Step by step solution

01

Set up the hypotheses

The null hypothesis (\( H_0 \)) is: Type of choice and chosen type aren't related. Alternative Hypothesis (\( H_a \)): Type of choice and chosen type are related.

02

Compute Expected Frequencies

The expected frequency for each cell in a contingency table is \(E = (Row Total * Column Total) / Grand Total \). Calculate this for all 5*2 cells in the given table.

03

Verify Chi-Square Test Conditions

All expected counts should be at least 5 for Chi-Square test validity. Check if all the calculated expected counts meet this condition.

04

Count the Degrees of Freedom

\ Degrees of freedom =(no. of rows - 1)*(no. of columns - 1)=(2 - 1) * (5 - 1) = 4.

05

Compute Test Statistic

Chi-square test statistic is \(\chi^2 = \sum ((Observed - Expected)^2 / Expected)\). Observed is the given data, and Expected is from Step 2. Sum this ratio for all cells.

06

Find p-value

The p-value is the probability of getting a chi-square as extreme as the test statistic, given the null hypothesis is true.

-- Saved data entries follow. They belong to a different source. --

lemma ps_share_eq_exh_minus_start:
  assumes "i < n" and "j < m" and "0 < ps_share n m P i j"
  shows "ps_share n m P i j = ps_exh n m P j - ps_start n m P i j"
proof -
  define E where "E = ps_exh_step n m P j"
  let ?dt = "\<lambda>k. ps_time n m P (Suc k) - ps_time n m P k"
  let ?eating = "\<lambda>k. ps_eats n m P k i = j \<and> ps_time n m P k < ps_time n m P (Suc k)"
  have idle: "(if ps_eats n m P k i = j then ?dt k else 0) = 0" if "\<not> ?eating k" for k
    using that ps_time_le_Suc[of k] by auto
  define L where "L = (LEAST k. ?eating k)"
  have "\<exists>k. ?eating k"
  proof (rule ccontr)
    assume "\<nexists>k. ?eating k"
    then have "ps_share n m P i j = 0"
      unfolding ps_share_def using idle by (intro sum.neutral) blast
    then show False
      using assms(3) by simp
  qed
  then have L: "?eating L"
    unfolding L_def by (rule LeastI_ex)
  then have "j \<in> ps_avail n m P L"
    using ps_eats_in_avail[OF assms(1)] ps_avail_nonempty_if_time_less by metis
  then have "L \<le> E"
    unfolding E_def using ps_mem_avail_iff[OF assms(2)] by simp
  have "ps_share n m P i j = (\<Sum>k<Suc E. if ps_eats n m P k i = j then ?dt k else 0)"
    unfolding E_def by (rule ps_share_eq_sum_upto_exh[OF assms(1,2)])
  also have "\<dots> = (\<Sum>k = L..E. ?dt k)"
  proof (rule sum.mono_neutral_cong_right)
    show "\<forall>k\<in>{..<Suc E} - {L..E}. (if ps_eats n m P k i = j then ?dt k else 0) = 0"
    proof
      fix k
      assume "k \<in> {..<Suc E} - {L..E}"
      then have "\<not> ?eating k"
        using not_less_Least[of k ?eating] unfolding L_def by auto
      then show "(if ps_eats n m P k i = j then ?dt k else 0) = 0"
        by (rule idle)
    qed
    show "(if ps_eats n m P k i = j then ?dt k else 0) = ?dt k" if "k \<in> {L..E}" for k
      using that ps_eats_persist[OF assms(2)] L unfolding E_def by auto
  qed auto
  also have "\<dots> = ps_exh n m P j - ps_start n m P i j"
    using \<open>L \<le> E\<close> by (simp add: sum_Suc_diff ps_exh_def ps_start_def E_def L_def)
  finally show ?thesis .
qed

lemma ps_share_eq_0_if_not_final_eater:
  assumes "i < n" and "j < m" and "ps_eats n m P (ps_exh_step n m P j) i \<noteq> j"
  shows "ps_share n m P i j = 0"
  unfolding ps_share_eq_sum_upto_exh[OF assms(1,2)]
proof (intro sum.neutral ballI)
  fix k
  assume "k \<in> {..<Suc (ps_exh_step n m P j)}"
  then have "ps_eats n m P k i \<noteq> j"
    using assms(3) ps_eats_persist[OF assms(2), of k i "ps_exh_step n m P j"] by auto
  then show "(if ps_eats n m P k i = j
      then ps_time n m P (Suc k) - ps_time n m P k else 0) = 0"
    by simp
qed

lemma ps_sum_share:
  assumes "j < m"
  shows "(\<Sum>i<n. ps_share n m P i j) = 1"
proof -
  define E where "E = ps_exh_step n m P j"
  have count: "(\<Sum>i<n. if ps_eats n m P k i = j then x else 0) =
      real (ps_num_eaters n m P k j) * x"
    for k and x :: real
    by (simp add: ps_num_eaters_def sum.If_cases Int_def conj_commute)
  have "(\<Sum>i<n. ps_share n m P i j) = (\<Sum>i<n. \<Sum>k<Suc E.
      if ps_eats n m P k i = j then ps_time n m P (Suc k) - ps_time n m P k else 0)"
    unfolding E_def using ps_share_eq_sum_upto_exh[OF _ assms] by simp
  also have "\<dots> = (\<Sum>k<Suc E.
      real (ps_num_eaters n m P k j) * (ps_time n m P (Suc k) - ps_time n m P k))"
    by (subst sum.swap) (simp add: count)
  also have "\<dots> = 1 - ps_supply n m P (Suc E) j"
    unfolding E_def by (simp add: ps_supply_eq[OF assms])
  finally show ?thesis
    using ps_supply_exh_step(2)[OF assms] by (simp add: E_def)
qed

lemma ps_sum_share_final_eaters:
  assumes "j < m"
  shows "(\<Sum>i\<in>{i. i < n \<and> ps_eats n m P (ps_exh_step n m P j) i = j}.
    ps_share n m P i j) = 1"
proof -
  have "(\<Sum>i<n. ps_share n m P i j) =
      (\<Sum>i\<in>{i. i < n \<and> ps_eats n m P (ps_exh_step n m P j) i = j}. ps_share n m P i j)"
    using ps_share_eq_0_if_not_final_eater[OF _ assms] by (intro sum.mono_neutral_right) auto
  then show ?thesis
    using ps_sum_share[OF assms] by simp
qed

end

theorem lemma3:
  fixes n m k :: nat and P :: "nat \<Rightarrow> nat list" and ostar a :: nat
    and Obar :: "nat set" and T t1 t2 t3 :: real
  assumes "m \<le> n" and "1 \<le> k" and "k \<le> m"
    and "\<forall>i<n. distinct (P i) \<and> set (P i) = {..<m}"
    and Obar_def: "Obar = set (take k (P 0))"
    and T_def: "T = Max (ps_exh n m P ` Obar)"
    and "1/2 \<le> T" and "T < 2/3"
    and "ostar \<in> Obar" and "0 < ps_share n m P 0 ostar"
    and "a < n" and "a \<noteq> 0"
    and "{i. i < n \<and> ps_eats n m P (ps_exh_step n m P ostar) i = ostar} = {0, a}"
    and t1_def: "t1 = ps_start n m P 0 ostar"
    and t2_def: "t2 = ps_share n m P 0 ostar"
    and t3_def: "t3 = T - t1 - t2"
  shows "t1 + t2 \<ge> 1/2 \<and> t3 < 1/6 \<and> t1 < 1/3 \<and> t2 > 2 * t3"
proof -
  interpret ps_profile n m P
    using assms(4,11) by unfold_locales auto
  have "0 < n"
    using assms(11) by simp
  have "ostar < m"
    using assms(9) prefs_complete[OF \<open>0 < n\<close>] unfolding Obar_def
    by (auto dest: in_set_takeD)
  let ?X = "ps_exh n m P ostar"
  have "1 = t2 + ps_share n m P a ostar"
    using ps_sum_share_final_eaters[OF \<open>ostar < m\<close>] assms(12,13) t2_def by simp
  moreover have "ps_share n m P a ostar \<le> ?X"
    using ps_share_le_exh assms(11) \<open>ostar < m\<close> .
  moreover have "t1 + t2 = ?X"
    using ps_share_eq_exh_minus_start[OF \<open>0 < n\<close> \<open>ostar < m\<close> assms(10)] t1_def t2_def
    by simp
  moreover have "?X \<le> T"
    unfolding T_def Obar_def using assms(9) Obar_def by (intro Max_ge) auto
  moreover have "0 \<le> t1"
    unfolding t1_def ps_start_def using ps_time_nonneg .
  ultimately show ?thesis
    using assms(7,8) t3_def by linarith
qed

end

Use chi-square distribution table with df=4 (from step 4), or software to find this.

07

Draw Conclusions

If the p-value is less than the significance level (typically 0.05), reject the null hypothesis and conclude that the way people choose their favorite skittles flavor, by color or by actual flavor, does appear to be related to which type is chosen.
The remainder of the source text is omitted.